In the early 1990s Toyota introduced the RAV4 to the Japanese market with a very positive reception. Another small-tall (as they referred to them), the short wheelbase, tall greenhouse was relatively typical of true Japanese car design, but not something American consumers were familiar with. That was part of Toyota’s hesitation in bringing the model to the U.S. – would they think it was goofy? As it turned out, the RAV4 was introduced stateside to great acclaim in 1996 – everyone seemed to love it. Versatile and nicely priced, it was offered as a 5-door or 3-door, with a manual or automatic transmission and with front or all-wheel drive; it was a vehicle that could be custom tailored to whatever the customer wanted, and that resonated here as well as it did in Japan. It was easy to drive, offered nearly 360-degrees of visibility, was relatively lightweight, and built on an athletic chassis that used components from the Corolla and Carina. For as tall as it was, it actually handled twisties in stride, and with a competent driver it could hustle down the road fairly well. In 1997, Automobile Magazine named it Automobile of the Year, and through the years, Toyota continued improving on the design, engineering, power, and so on to make it even better.
They seemingly built trillions of them, and still build them today – it’s one of Toyota’s best sellers – but they were often sold as a simple consumable, largely to a demographic that needed a car to get them around, not sit in a garage or play potential collector’s item. As such, few survive with low miles in good or excellent condition, and fewer still have the period-popular graphics and matching seat covers and patterned floor mats. Yes, even the floormats on this example seem to be factory, and as an original JDM car, it’s of course RHD, and the seller states the car has only rolled about 12k miles from new, which explains the near showroom look of the RAV4.

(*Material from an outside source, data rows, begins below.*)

lemma nn_integral_gap_factor:
  assumes "i \<le> l"
  shows "(\<integral>\<^sup>+\<omega>. ennreal (gap_factor l B i (T i \<omega>)) \<partial>M) =
    ennreal (if i = 0 then lam / (lam + s) else if i = l then exp (- lam * eps)
      else if i \<in> B then laplace_long else laplace_short)"
proof -
  note laplace = exponential_laplace[OF exponential lam_pos]
    exponential_laplace_greaterThan[OF exponential lam_pos]
    exponential_laplace_atMost[OF exponential lam_pos]
  consider "i = 0" | "i \<noteq> 0" "i = l" | "i \<noteq> 0" "i \<noteq> l" "i \<in> B" | "i \<noteq> 0" "i \<noteq> l" "i \<notin> B"
    by blast
  then show ?thesis
  proof cases
    case 1
    then show ?thesis using laplace(1)[of s i] s_pos by (simp add: gap_factor_def)
  next
    case 2
    then have "(\<lambda>\<omega>. ennreal (gap_factor l B i (T i \<omega>))) =
        (\<lambda>\<omega>. ennreal (if eps < T i \<omega> then exp (- 0 * T i \<omega>) else 0))"
      by (simp add: gap_factor_def fun_eq_iff)
    then show ?thesis using laplace(2)[of 0 eps i] eps_pos lam_pos 2 by simp
  next
    case 3
    then show ?thesis using laplace(2)[of s eps i] s_pos eps_pos by (simp add: gap_factor_def laplace_long_def)
  next
    case 4
    then show ?thesis using laplace(3)[of s eps i] s_pos eps_pos by (simp add: gap_factor_def laplace_short_def)
  qed
qed

lemma nn_integral_prod_gap_factor:
  assumes "1 \<le> l" and "B \<subseteq> {1..<l}"
  shows "(\<integral>\<^sup>+\<omega>. (\<Prod>i\<in>{0..l}. ennreal (gap_factor l B i (T i \<omega>))) \<partial>M) =
    ennreal (lam / (lam + s) * exp (- lam * eps) *
      (laplace_long ^ card B * laplace_short ^ (l - 1 - card B)))"
proof -
  let ?I = "{1..<l}"
  define \<mu> where "\<mu> i = (if i = 0 then lam / (lam + s) else if i = l then exp (- lam * eps)
      else if i \<in> B then laplace_long else laplace_short)" for i
  have \<mu>_nonneg: "0 \<le> \<mu> i" for i
    using lam_pos s_pos laplace_short_nonneg laplace_long_nonneg by (simp add: \<mu>_def)
  have "indep_vars (\<lambda>_. borel) (\<lambda>i \<omega>. ennreal (gap_factor l B i (T i \<omega>))) {0..l}"
    by (intro indep_vars_compose2[OF indep_vars_subset[OF indep]]) simp_all
  then have "(\<integral>\<^sup>+\<omega>. (\<Prod>i\<in>{0..l}. ennreal (gap_factor l B i (T i \<omega>))) \<partial>M) =
      (\<Prod>i\<in>{0..l}. \<integral>\<^sup>+\<omega>. ennreal (gap_factor l B i (T i \<omega>)) \<partial>M)"
    by (intro indep_vars_nn_integral) simp_all
  also have "\<dots> = (\<Prod>i\<in>{0..l}. ennreal (\<mu> i))"
    by (intro prod.cong refl) (simp add: nn_integral_gap_factor \<mu>_def)
  also have "\<dots> = ennreal (\<Prod>i\<in>{0..l}. \<mu> i)"
    by (simp add: prod_ennreal \<mu>_nonneg)
  also have "(\<Prod>i\<in>{0..l}. \<mu> i) = \<mu> 0 * (\<mu> l * (\<Prod>i\<in>?I. \<mu> i))"
  proof -
    have "{0..l} = insert 0 (insert l ?I)" using assms(1) by auto
    then show ?thesis using assms(1) by simp
  qed
  also have "(\<Prod>i\<in>?I. \<mu> i) = (\<Prod>i\<in>?I. if i \<in> B then laplace_long else laplace_short)"
    by (intro prod.cong) (auto simp: \<mu>_def)
  also have "\<dots> = laplace_long ^ card B * laplace_short ^ (l - 1 - card B)"
  proof -
    have "?I \<inter> {i. i \<in> B} = B" "?I \<inter> - {i. i \<in> B} = ?I - B" using assms(2) by auto
    moreover have "card (?I - B) = l - 1 - card B"
      using assms(2) by (subst card_Diff_subset) (auto intro: finite_subset)
    ultimately show ?thesis by (simp add: prod.If_cases)
  qed
  finally show ?thesis using assms(1) by (simp add: \<mu>_def mult.assoc)
qed

lemma nn_integral_gap_weight:
  "(\<integral>\<^sup>+\<omega>. ennreal (gap_weight l \<omega>) \<partial>M) =
    ennreal (lam / (lam + s) * exp (- lam * eps) *
      (\<Sum>j<l. real ((l - 1) choose j) * (pow_incr m j * laplace_long ^ j) * laplace_short ^ (l - 1 - j)))"
proof (cases "l = 0")
  case True
  then show ?thesis by (simp add: gap_weight_def)
next
  case False
  then have l: "1 \<le> l" by simp
  let ?I = "{1..<l}" and ?c = "lam / (lam + s) * exp (- lam * eps)"
  let ?F = "\<lambda>j. pow_incr m j * (laplace_long ^ j * laplace_short ^ (l - 1 - j))"
  have F_nonneg: "0 \<le> ?c * ?F j" for j
    using lam_pos s_pos laplace_short_nonneg laplace_long_nonneg by (simp add: pow_incr_nonneg)
  have "(\<integral>\<^sup>+\<omega>. ennreal (gap_weight l \<omega>) \<partial>M) =
      (\<integral>\<^sup>+\<omega>. (\<Sum>B\<in>Pow ?I. ennreal (pow_incr m (card B)) *
        (\<Prod>i\<in>{0..l}. ennreal (gap_factor l B i (T i \<omega>)))) \<partial>M)"
  proof (intro nn_integral_cong)
    fix \<omega>
    have "ennreal (gap_weight l \<omega>) = (\<Sum>B\<in>Pow ?I.
        ennreal (pow_incr m (card B) * (\<Prod>i\<in>{0..l}. gap_factor l B i (T i \<omega>))))"
      by (simp add: gap_weight_eq_sum_Pow[OF l] gap_factor_nonneg pow_incr_nonneg prod_nonneg)
    also have "\<dots> = (\<Sum>B\<in>Pow ?I. ennreal (pow_incr m (card B)) *
        (\<Prod>i\<in>{0..l}. ennreal (gap_factor l B i (T i \<omega>))))"
      by (simp add: ennreal_mult prod_ennreal gap_factor_nonneg pow_incr_nonneg prod_nonneg)
    finally show "ennreal (gap_weight l \<omega>) = \<dots>" .
  qed
  also have "\<dots> = (\<Sum>B\<in>Pow ?I. ennreal (pow_incr m (card B)) *
      (\<integral>\<^sup>+\<omega>. (\<Prod>i\<in>{0..l}. ennreal (gap_factor l B i (T i \<omega>))) \<partial>M))"
    by (simp add: nn_integral_sum nn_integral_cmult)
  also have "\<dots> = (\<Sum>B\<in>Pow ?I. ennreal (?c * ?F (card B)))"
    using l by (intro sum.cong refl)
      (auto simp: nn_integral_prod_gap_factor ennreal_mult'[symmetric] pow_incr_nonneg mult_ac)
  also have "\<dots> = ennreal (\<Sum>B\<in>Pow ?I. ?c * ?F (card B))"
    using F_nonneg by simp
  also have "(\<Sum>B\<in>Pow ?I. ?c * ?F (card B)) = (\<Sum>j<l. real (card ?I choose j) * (?c * ?F j))"
    using l by (intro sum_Pow_card) auto
  finally show ?thesis by (simp add: sum_distrib_left mult_ac)
qed
(* Let $\Theta = \{l_1:\mathtt{qbit}, l_2:\mathtt{qbit}\}$ and $\theta = (l_1,l_2)$. Let $\mathscr{C}$ be a quantum circuit with holes such that $l:\mathtt{bit}, \Theta \rhd \mathscr{C} \rhd \Theta$ is derivable, and let $\mathscr{D}$ be the circuit with holes $\mathtt{if}\ l\ \mathtt{then}\ ([-];\{-\})\ \mathtt{else}\ (\{-\};[-])$. If $\mathscr{C} \approx \mathscr{D}$, then either the hole $[-]$ or the hole $\{-\}$ appears more than once in $\mathscr{C}$.
   Context: Circuits: fix an infinite set of labels; base types $\mathtt{bit},\mathtt{qbit}$; the operation set $\mathbb{Q}$ consists of $\mathtt{zero},\mathtt{one}:()\to(\mathtt{bit})$, $\mathtt{discard}:(\mathtt{bit})\to()$, $\mathtt{new}:(\mathtt{bit})\to(\mathtt{qbit})$, $\mathtt{meas}:(\mathtt{qbit})\to(\mathtt{bit})$, $H,S,T:(\mathtt{qbit})\to(\mathtt{qbit})$, $\mathrm{CNOT}:(\mathtt{qbit},\mathtt{qbit})\to(\mathtt{qbit},\mathtt{qbit})$. Circuits with holes are given by $\mathscr{C},\mathscr{D},\mathscr{E} ::= [-] \mid \{-\} \mid c^{\overline{l}}_{\overline{r}} \mid \mathscr{C};\mathscr{D} \mid \mathtt{if}\ l\ \mathtt{then}\ \mathscr{D}\ \mathtt{else}\ \mathscr{E}$ with $c\in\mathbb{Q}$ (gate $c$ applied to input wires $\overline{l}$ producing output wires $\overline{r}$). Environments are finite sets of (label : base type), each label at most once. Typing $\Gamma \rhd \mathscr{C} \rhd \Delta$ is derived by: $\Theta \rhd [-] \rhd \Theta$ and $\Theta \rhd \{-\} \rhd \Theta$ (with $\Theta$ as in the claim); for $c$ with input types $(B_1..B_n)$, output types $(B'_1..B'_m)$: $\Xi, l_1:B_1,\dots,l_n:B_n \rhd c^{(l_1..l_n)}_{(r_1..r_m)} \rhd \Xi, r_1:B'_1,\dots,r_m:B'_m$ for any environment $\Xi$; from $\Gamma\rhd\mathscr{C}\rhd\Psi$ and $\Psi\rhd\mathscr{D}\rhd\Delta$ infer $\Gamma\rhd\mathscr{C};\mathscr{D}\rhd\Delta$; from $\Gamma\rhd\mathscr{D}\rhd\Delta$ and $\Gamma\rhd\mathscr{E}\rhd\Delta$ infer $\Gamma,l:\mathtt{bit}\rhd \mathtt{if}\ l\ \mathtt{then}\ \mathscr{D}\ \mathtt{else}\ \mathscr{E}\rhd\Delta$. For circuits $C, D$ (possibly using additional gates), $\mathscr{C}(C,D)$ denotes the result of replacing $[-]$ by $C$ and $\{-\}$ by $D$. For any $4\times 4$ unitary matrix $U$, $U^\theta_\theta$ denotes the circuit applying $U$ as a gate to the wires $(l_1,l_2)$, with $\Theta \rhd U^\theta_\theta \rhd \Theta$. Semantics (category CPM): objects are tuples $(n_1,\dots,n_k)$ of positive integers with $V_{(n_1..n_k)}=\prod_i \mathbb{C}^{n_i\times n_i}$, morphisms are completely positive linear maps, tensor $(n_i)\otimes(m_j)=(n_im_j)_{i,j}$, unit $(1)$. $[\![\mathtt{bit}]\!]=(1,1)$, $[\![\mathtt{qbit}]\!]=(2)$, environments are interpreted as tensor products ordered by a fixed linear order on labels. A unitary gate $U$ is interpreted as $A\mapsto UAU^\dagger$; $[\![\mathtt{one}]\!](x)=(x,0)$, $[\![\mathtt{zero}]\!](x)=(0,x)$, $[\![\mathtt{new}]\!](x,0)=x|1\rangle\langle1|$, $[\![\mathtt{new}]\!](0,x)=x|0\rangle\langle0|$, $[\![\mathtt{meas}]\!]\begin{pmatrix}a&b\\c&d\end{pmatrix}=(a,d)$, $[\![\mathtt{discard}]\!](a,b)=a+b$. $[\![c^{\overline l}_{\overline r}]\!]$ is $\mathrm{id}_{[\![\Xi]\!]}\otimes[\![c]\!]$ up to symmetries, $[\![C;D]\!]=[\![D]\!]\circ[\![C]\!]$, and identifying $[\![\Gamma,l:\mathtt{bit}]\!]\cong[\![\Gamma]\!]\times[\![\Gamma]\!]$, $[\![\mathtt{if}\ l\ \mathtt{then}\ C\ \mathtt{else}\ D]\!](\vec A,\vec B)=[\![C]\!](\vec A)+[\![D]\!](\vec B)$. For circuits with holes $\Gamma\rhd\mathscr{C}\rhd\Delta$ and $\Gamma\rhd\mathscr{D}\rhd\Delta$, write $\mathscr{C}\approx\mathscr{D}$ if for all $4\times4$ unitary matrices $U,V$, $[\![\mathscr{C}(U^\theta_\theta,V^\theta_\theta)]\!] = [\![\mathscr{D}(U^\theta_\theta,V^\theta_\theta)]\!]$. *)

theory Defs
  imports "Jordan_Normal_Form.Schur_Decomposition"
begin
lemma eventually_active_at_left:
  assumes "q > 0"
  shows "\<forall>\<^sub>F x in at_left q. active x = active_left q"
proof -
  have "\<forall>\<^sub>F x in at_left q. x < q \<and> (\<forall>e\<in>{T powi t * S r | t r. r < l}. e < q \<longrightarrow> e < x)"
    using eventually_at_left_above_points[OF finite_breakpoints_between[of "q / 2" q]] assms
    by (intro eventually_conj) (auto simp: eventually_at_filter)
  thus ?thesis
  proof eventually_elim
    case (elim x)
    hence "left_end t r \<le> x \<and> x < right_end t r k \<longleftrightarrow> left_end t r < q \<and> q \<le> right_end t r k"
      if "r < l" for t r k
      using segment_ends_are_breakpoints(1)[OF that, of t] segment_ends_are_breakpoints(2)[OF that, of t k]
      by force
    thus ?case unfolding active_def active_left_def by auto
  qed
qed

definition passing :: "real \<Rightarrow> (int \<times> nat \<times> bool) set" where
  "passing q = {(t, r, k). r < l \<and> left_end t r < q \<and> q < right_end t r k}"

definition starting_at :: "real \<Rightarrow> (int \<times> nat \<times> bool) set" where
  "starting_at q = {(t, r, k). r < l \<and> left_end t r = q}"

definition ending_at :: "real \<Rightarrow> (int \<times> nat \<times> bool) set" where
  "ending_at q = {(t, r, k). r < l \<and> right_end t r k = q}"

lemma active_split: "active q = passing q \<union> starting_at q" "passing q \<inter> starting_at q = {}"
  unfolding active_def passing_def starting_at_def using left_end_less_right_end by fastforce+

lemma active_left_split: "active_left q = passing q \<union> ending_at q" "passing q \<inter> ending_at q = {}"
  unfolding active_left_def passing_def ending_at_def using left_end_less_right_end by fastforce+

lemma no_segment_ends_off_breakpoints:
  assumes "q \<notin> {T powi t * S r | t r. r < l}"
  shows "starting_at q = {}" "ending_at q = {}"
  using assms segment_ends_are_breakpoints unfolding starting_at_def ending_at_def by fastforce+

lemma starting_at_breakpoint:
  assumes "r0 < l"
  shows "starting_at (T powi t0 * S r0) = {(t0, r0, True), (t0, r0, False)}"
  unfolding starting_at_def left_end_def using breakpoint_eq_iff[OF _ assms] assms by auto

lemma ending_at_breakpoint:
  assumes r0: "r0 < l"
  obtains t' r' where "ending_at (T powi t0 * S r0) = {(t0 - 1, r0, True), (t', r', False)}"
    "r' < l" "Suc r' mod l = r0"
proof -
  let ?q = "T powi t0 * S r0"
  define b where "b = (if r0 = 0 then (t0 - 1, l - 1, False) else (t0, r0 - 1, False))"
  have powi_pred: "T powi (t0 - 1) * T = T powi t0"
    using power_int_add_1[of T "t0 - 1"] tau_gt_1 by simp
  have "\<exists>t' r'. b = (t', r', False) \<and> r' < l \<and> Suc r' mod l = r0 \<and> right_end t' r' False = ?q"
  proof (cases "r0 = 0")
    case True
    thus ?thesis using powi_pred l_pos unfolding b_def right_end_def by (simp add: sig_l sig_0)
  next
    case False
    thus ?thesis using r0 unfolding b_def right_end_def by simp
  qed
  then obtain t' r' where b: "b = (t', r', False)" "r' < l" "Suc r' mod l = r0"
    and right_b: "right_end t' r' False = ?q" by blast
  have "ending_at ?q = {(t0 - 1, r0, True), b}"
  proof (intro set_eqI iffI)
    fix j assume "j \<in> ending_at ?q"
    then obtain t r k where j: "j = (t, r, k)" "r < l" "right_end t r k = ?q"
      unfolding ending_at_def by blast
    show "j \<in> {(t0 - 1, r0, True), b}"
    proof (cases k)
      case True
      thus ?thesis using j breakpoint_eq_iff[OF j(2) r0, of "t + 1" t0] tau_gt_1
        by (auto simp: right_end_def)
    next
      case False
      obtain t'' r'' where "r'' < l" "right_end t r k = T powi t'' * S r''"
        and "(t'', r'') = (if Suc r = l then (t + 1, 0) else (t, Suc r))"
        using j(2) False l_pos tau_gt_1
        by (cases "Suc r = l") (auto simp: right_end_def sig_l sig_0 power_int_add_1)
      thus ?thesis
        using j False breakpoint_eq_iff[OF \<open>r'' < l\<close> r0] l_pos unfolding b_def
        by (auto split: if_splits)
    qed
  next
    fix j assume "j \<in> {(t0 - 1, r0, True), b}"
    thus "j \<in> ending_at ?q"
      using r0 b right_b powi_pred by (auto simp: ending_at_def right_end_def mult.assoc)
  qed
  thus ?thesis using that b by simp
qed
lemma words_Suc_snoc: "words D (Suc m) = (\<lambda>(ks, k). ks @ [k]) ` (words D m \<times> {..<D})"
proof
  show "(\<lambda>(ks, k). ks @ [k]) ` (words D m \<times> {..<D}) \<subseteq> words D (Suc m)"
    unfolding words_def by auto
  show "words D (Suc m) \<subseteq> (\<lambda>(ks, k). ks @ [k]) ` (words D m \<times> {..<D})"
  proof
    fix xs assume xs: "xs \<in> words D (Suc m)"
    then have "xs \<noteq> []" unfolding words_def by auto
    with xs have "butlast xs \<in> words D m" "last xs \<in> {..<D}"
      unfolding words_def by (auto dest: in_set_butlastD last_in_set)
    then show "xs \<in> (\<lambda>(ks, k). ks @ [k]) ` (words D m \<times> {..<D})"
      using \<open>xs \<noteq> []\<close> by (intro image_eqI[of _ _ "(butlast xs, last xs)"]) auto
  qed
qed

lemma nth_in_words: "xs \<in> words D n \<Longrightarrow> t < n \<Longrightarrow> xs ! t < D"
  unfolding words_def by (auto simp: subset_iff)

definition cyclic_prod :: "(nat \<Rightarrow> nat \<Rightarrow> 'a::comm_monoid_mult) \<Rightarrow> nat list \<Rightarrow> 'a" where
  "cyclic_prod f xs = (\<Prod>t<length xs. f (xs ! t) (xs ! (Suc t mod length xs)))"

lemma cyclic_prod_rotate1: "cyclic_prod f (rotate1 xs) = cyclic_prod f xs"
proof (cases xs)
  case Nil
  then show ?thesis by simp
next
  case (Cons y ys)
  define n where "n = length ys"
  define g where "g t = f (xs ! t) (xs ! (Suc t mod Suc n))" for t
  have len: "length xs = Suc n" using Cons by (simp add: n_def)
  have "cyclic_prod f (rotate1 xs) = (\<Prod>t<Suc n. g (Suc t mod Suc n))"
    unfolding cyclic_prod_def g_def using len by (intro prod.cong) (simp_all add: nth_rotate1 mod_Suc_eq)
  also have "\<dots> = (\<Prod>t<n. g (Suc t)) * g 0"
  proof -
    have "(\<Prod>t<n. g (Suc t mod Suc n)) = (\<Prod>t<n. g (Suc t))"
      by (rule prod.cong) simp_all
    then show ?thesis by (simp add: prod.lessThan_Suc)
  qed
  also have "\<dots> = (\<Prod>t<Suc n. g t)"
    by (simp only: prod.lessThan_Suc_shift) (rule mult.commute)
  also have "\<dots> = cyclic_prod f xs"
    by (simp only: cyclic_prod_def g_def len)
  finally show ?thesis .
qed

lemma cyclic_prod_rotate: "cyclic_prod f (rotate r xs) = cyclic_prod f xs"
  by (induction r) (simp_all add: cyclic_prod_rotate1)

definition rotations :: "'a list \<Rightarrow> 'a list set" where
  "rotations xs = range (\<lambda>r. rotate r xs)"

definition rotation_stabiliser :: "'a list \<Rightarrow> nat set" where
  "rotation_stabiliser xs = {r \<in> {..<length xs}. rotate r xs = xs}"

lemma rotations_eq_image: "xs \<noteq> [] \<Longrightarrow> rotations xs = (\<lambda>r. rotate r xs) ` {..<length xs}"
  unfolding rotations_def by (auto intro!: image_eqI[of _ _ "_ mod length xs"] rotate_conv_mod)

lemma finite_rotations [simp]: "finite (rotations xs)"
proof (cases "xs = []")
  case True
  then show ?thesis by (simp add: rotations_def)
next
  case False
  then show ?thesis by (simp add: rotations_eq_image)
qed

lemma self_in_rotations: "xs \<in> rotations xs"
  unfolding rotations_def by (rule range_eqI[of _ _ 0]) simp

lemma rotate_add_mod_length: "rotate ((a + b) mod length xs) xs = rotate b (rotate a xs)"
  by (simp add: rotate_rotate add.commute flip: rotate_conv_mod)

lemma rotations_rotate [simp]: "rotations (rotate r xs) = rotations xs"
proof -
  have "rotate r' xs = rotate (r' + (length xs - 1) * r) (rotate r xs)" for r'
  proof (cases "xs = []")
    case False
    have "r' + (length xs - 1) * r + r = r' + length xs * r"
      using False by (cases "length xs") (simp_all add: algebra_simps)
    moreover have "(r' + length xs * r) mod length xs = r' mod length xs" by simp
    ultimately show ?thesis by (metis rotate_rotate rotate_conv_mod)
  qed simp
  then show ?thesis
    unfolding rotations_def by (auto simp: rotate_rotate)
qed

A 5-door variant, it’s equipped with the all-wheel drive system and a 5-speed manual transmission with a new clutch. It also has a number of aftermarket accessories which make it a little more rugged, useful, and even period fun, such as a brush guard with Bosch fog lights, rear bumper step, and mud flaps. Painted dark blue, the seller advises that the paint is starting to fade a bit on the roof and there are some small dents, but overall it seems to shine well, and the original sticker graphic on the rear quarters really drive home that unique ’90s vibe.
While the exterior has a few little blemishes, the seller states the interior is perfect, and by the photos, that looks to be an accurate description. The seats are upholstered in that trendy JDM period pattern with colors that play off the dark blue paint, accenting the fender graphics, a majorly cool element added to blend with the overall feel this RAV4 offers. The dash, door panels, and plastics all seem to be in top notch shape, the seats looking like they’ve appropriately only been used 12k miles. Even the cargo area floor is impeccable, and the back seats fold down for a little extra practical storage.
Well appointed, this RAV4 features a moonroof, power windows, power locks, air conditioning, and an AM/FM/CASS stereo system. While it’s impossible to actually go back in time (yet), rides like this at least make it possible to relive those days. Given that so many of these first generation cars have fallen victim to abuse, extraordinarily high miles, and a general sense of it being nothing more than a transportation appliance, this RAV4 is really pretty astonishing. Who knows on valuation, but this is definitely a “find another one” situation.